ただ、この場を取り仕切る警察官たちの動きには一切の淀みがなく、彼らにとって一連の騒動が日常茶飯事であることを物語っていた。
「おい、ゴーストは全員こっちに並べ! 入監手続きを開始する!!」
何事もなかったように平然とゴーストの誘導をはじめた警察官を見つめつつ、田中はひそひそと囁いた。
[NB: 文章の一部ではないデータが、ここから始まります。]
lemma normal_core:
  assumes "subgroup H G"
  shows "{x \<in> carrier G. \<forall>c \<in> carrier G. c \<otimes> x \<otimes> inv c \<in> H} \<lhd> G"
    (is "?N \<lhd> G")
proof (rule normal_invI)
  have conj_mult: "c \<otimes> (x \<otimes> y) \<otimes> inv c = (c \<otimes> x \<otimes> inv c) \<otimes> (c \<otimes> y \<otimes> inv c)"
    if "c \<in> carrier G" "x \<in> carrier G" "y \<in> carrier G" for c x y
    using that by (simp add: m_assoc) (simp add: m_assoc [symmetric])
  have conj_inv: "c \<otimes> inv x \<otimes> inv c = inv (c \<otimes> x \<otimes> inv c)"
    if "c \<in> carrier G" "x \<in> carrier G" for c x
    using that by (simp add: m_assoc inv_mult_group)
  have "\<one> \<in> ?N"
    using assms by (simp add: subgroup.one_closed)
  then show "subgroup ?N G"
    using assms
    by (intro subgroupI) (auto simp: conj_mult conj_inv subgroup.m_closed subgroup.m_inv_closed)
  show "x \<otimes> h \<otimes> inv x \<in> ?N" if "x \<in> carrier G" "h \<in> ?N" for x h
  proof -
    have "c \<otimes> (x \<otimes> h \<otimes> inv x) \<otimes> inv c = (c \<otimes> x) \<otimes> h \<otimes> inv (c \<otimes> x)" if "c \<in> carrier G" for c
      using that \<open>x \<in> carrier G\<close> \<open>h \<in> ?N\<close> by (simp add: m_assoc inv_mult_group)
    then show ?thesis using that by auto
  qed
qed

lemma set_mult_rcos_absorb:
  assumes "subgroup N G" "subgroup M G" "M \<subseteq> N" "g \<in> carrier G"
  shows "N <#> (M #> g) = N #> g"
proof -
  have "N <#> M = N"
    using assms by (simp add: set_mult_subgroup_idem subgroup_incl)
  then show ?thesis
    using assms by (simp add: setmult_rcos_assoc subgroup.subset)
qed

lemma FactGroup_projection_hom:
  assumes M: "M \<lhd> G" and N: "N \<lhd> G" and "M \<subseteq> N"
  shows "(\<lambda>C. N <#> C) \<in> hom (G Mod M) (G Mod N)"
proof -
  have absorb: "N <#> (M #> g) = N #> g" if "g \<in> carrier G" for g
    using assms that by (simp add: set_mult_rcos_absorb normal_imp_subgroup)
  show ?thesis
    unfolding hom_def
  proof (intro CollectI conjI ballI)
    show "(\<lambda>C. N <#> C) \<in> carrier (G Mod M) \<rightarrow> carrier (G Mod N)"
      by (auto simp: carrier_FactGroup absorb)
    fix C D assume "C \<in> carrier (G Mod M)" "D \<in> carrier (G Mod M)"
    then obtain a b where "a \<in> carrier G" "C = M #> a" "b \<in> carrier G" "D = M #> b"
      by (auto simp: carrier_FactGroup)
    then show "N <#> (C \<otimes>\<^bsub>G Mod M\<^esub> D) = (N <#> C) \<otimes>\<^bsub>G Mod N\<^esub> (N <#> D)"
      using M N by (simp add: absorb normal.rcos_sum)
  qed
qed

lemma subgroup_rcos_stabilizer:
  assumes "V \<subseteq> carrier G"
  shows "subgroup {g \<in> carrier G. V #> g = V} G"
proof (rule subgroupI)
  show "{g \<in> carrier G. V #> g = V} \<noteq> {}"
    using assms coset_mult_one by blast
  fix a b assume a: "a \<in> {g \<in> carrier G. V #> g = V}" and b: "b \<in> {g \<in> carrier G. V #> g = V}"
  have "V #> inv a = (V #> a) #> inv a"
    using a by simp
  also have "\<dots> = V"
    using a assms by (subst coset_mult_assoc) (auto simp: coset_mult_one)
  finally show "inv a \<in> {g \<in> carrier G. V #> g = V}"
    using a by simp
  show "a \<otimes> b \<in> {g \<in> carrier G. V #> g = V}"
    using a b assms by (simp flip: coset_mult_assoc)
qed auto

lemma supplement_Int_vimage:
  assumes H: "subgroup H G" and K: "subgroup K G" and HK: "H <#> K = carrier G"
    and \<psi>: "group_hom G Q \<psi>" and L': "subgroup L' Q" "\<psi> ` (H \<inter> K) <#>\<^bsub>Q\<^esub> L' = carrier Q"
  shows "H <#> (K \<inter> \<psi> -` L') = carrier G"
proof
  interpret \<psi>: group_hom G Q \<psi>
    by (rule \<psi>)
  show "H <#> (K \<inter> \<psi> -` L') \<subseteq> carrier G"
    using H K by (auto simp: set_mult_def subgroup.mem_carrier)
  show "carrier G \<subseteq> H <#> (K \<inter> \<psi> -` L')"
  proof
    fix g assume "g \<in> carrier G"
    then have "g \<in> H <#> K"
      using HK by simp
    then obtain h k where hk: "h \<in> H" "k \<in> K" "g = h \<otimes> k"
      unfolding set_mult_def by blast
    have "\<psi> k \<in> carrier Q"
      using hk K by (simp add: subgroup.mem_carrier)
    then obtain d l' where d: "d \<in> H" "d \<in> K" and l': "l' \<in> L'" "\<psi> k = \<psi> d \<otimes>\<^bsub>Q\<^esub> l'"
      using L'(2) unfolding set_mult_def by blast
    have carrier: "h \<in> carrier G" "k \<in> carrier G" "d \<in> carrier G" "l' \<in> carrier Q"
      using hk d l' H K L'(1) by (auto simp: subgroup.mem_carrier)
    have "\<psi> (inv d \<otimes> k) = l'"
      using carrier l'(2) by (simp add: \<psi>.H.m_assoc [symmetric])
    then have "inv d \<otimes> k \<in> K \<inter> \<psi> -` L'"
      using hk d K l'(1) by (auto simp: subgroup.m_closed subgroup.m_inv_closed)
    moreover have "h \<otimes> d \<in> H"
      using hk d H by (simp add: subgroup.m_closed)
    moreover have "g = (h \<otimes> d) \<otimes> (inv d \<otimes> k)"
    proof -
      have "d \<otimes> (inv d \<otimes> k) = k"
        using carrier by (simp add: m_assoc [symmetric])
      then show ?thesis
        using carrier hk(3) by (simp add: m_assoc)
    qed
    ultimately show "g \<in> H <#> (K \<inter> \<psi> -` L')"
      unfolding set_mult_def by (auto simp del: vimage_Int)
  qed
qed
(* Let $H$ be a bialgebra that is projective as a $k$-module, $A$ a left $H$-comodule algebra, and consider the Doi-Hopf datum $(H,A,H)$ ($H$ acting on itself by right multiplication). If $\gamma:H\to\mathrm{Hom}(H,A)$ is an $A$-integral, then $\varphi_\gamma:H\to A$, $\varphi_\gamma(h)=\gamma(h)(1_H)$, is left $H$-colinear; if moreover $\gamma$ is total, then $\varphi_\gamma(1_H)=1_A$, i.e. $\varphi_\gamma$ is a total integral in the sense of Doi.
   Context: $k$ commutative ring; Sweedler notation $\Delta(h)=\sum h_{(1)}\otimes h_{(2)}$, $\rho_A(a)=\sum a_{<-1>}\otimes a_{<0>}$ (iterated $a_{<-2>}\otimes a_{<-1>}\otimes a_{<0>}$). A left $H$-comodule algebra is an algebra $A$ with a left $H$-coaction that is an algebra map. For the Doi-Hopf datum $(H,A,C)$ with $C=H$ and $c\cdot h=ch$, an $A$-integral is a $k$-linear $\gamma:H\to\mathrm{Hom}(H,A)$ with, for all $a\in A$, $c,d\in H$: (i) $\sum a_{<0>}\gamma(ca_{<-2>})(da_{<-1>})=\gamma(c)(d)\,a$; (ii) $\sum c_{(1)}\otimes\gamma(c_{(2)})(d)=\sum d_{(2)}\gamma(c)(d_{(1)})_{<-1>}\otimes\gamma(c)(d_{(1)})_{<0>}$; it is total if $\sum\gamma(c_{(1)})(c_{(2)})=\varepsilon(c)1_A$. A total integral (Doi) is a left $H$-colinear map $\varphi:H\to A$ with $\varphi(1_H)=1_A$. *)

theory Defs
  imports Complex_Main "HOL-Library.Function_Algebras"
begin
「だ……大丈夫ですよ。大人しくしていれば……ねえ?」
「そ……そうだ。東京は広い。街の中に入っちまえば警察に遭遇する確率だって減るだろ」
そう答える河原の声にも、強い緊張がにじんでいる。
(東京港がこの状態で、街の中がまともだとも思えないけどな……)
深雪はそう思ったが、口には出さなかった。あまりプレッシャーをかけると、ほかにも暴れるゴーストが出るかもしれないし、稲葉にいたっては悲嘆のあまり東京湾に飛び込んでしまうかもしれない。
どんなに泣こうと叫ぼうと、もう《監獄都市東京》のすぐ目の前まで来てしまったのだ。これ以上の騒ぎが起こったところで中に入る時間が遅れるばかりで、良いことなど何もない。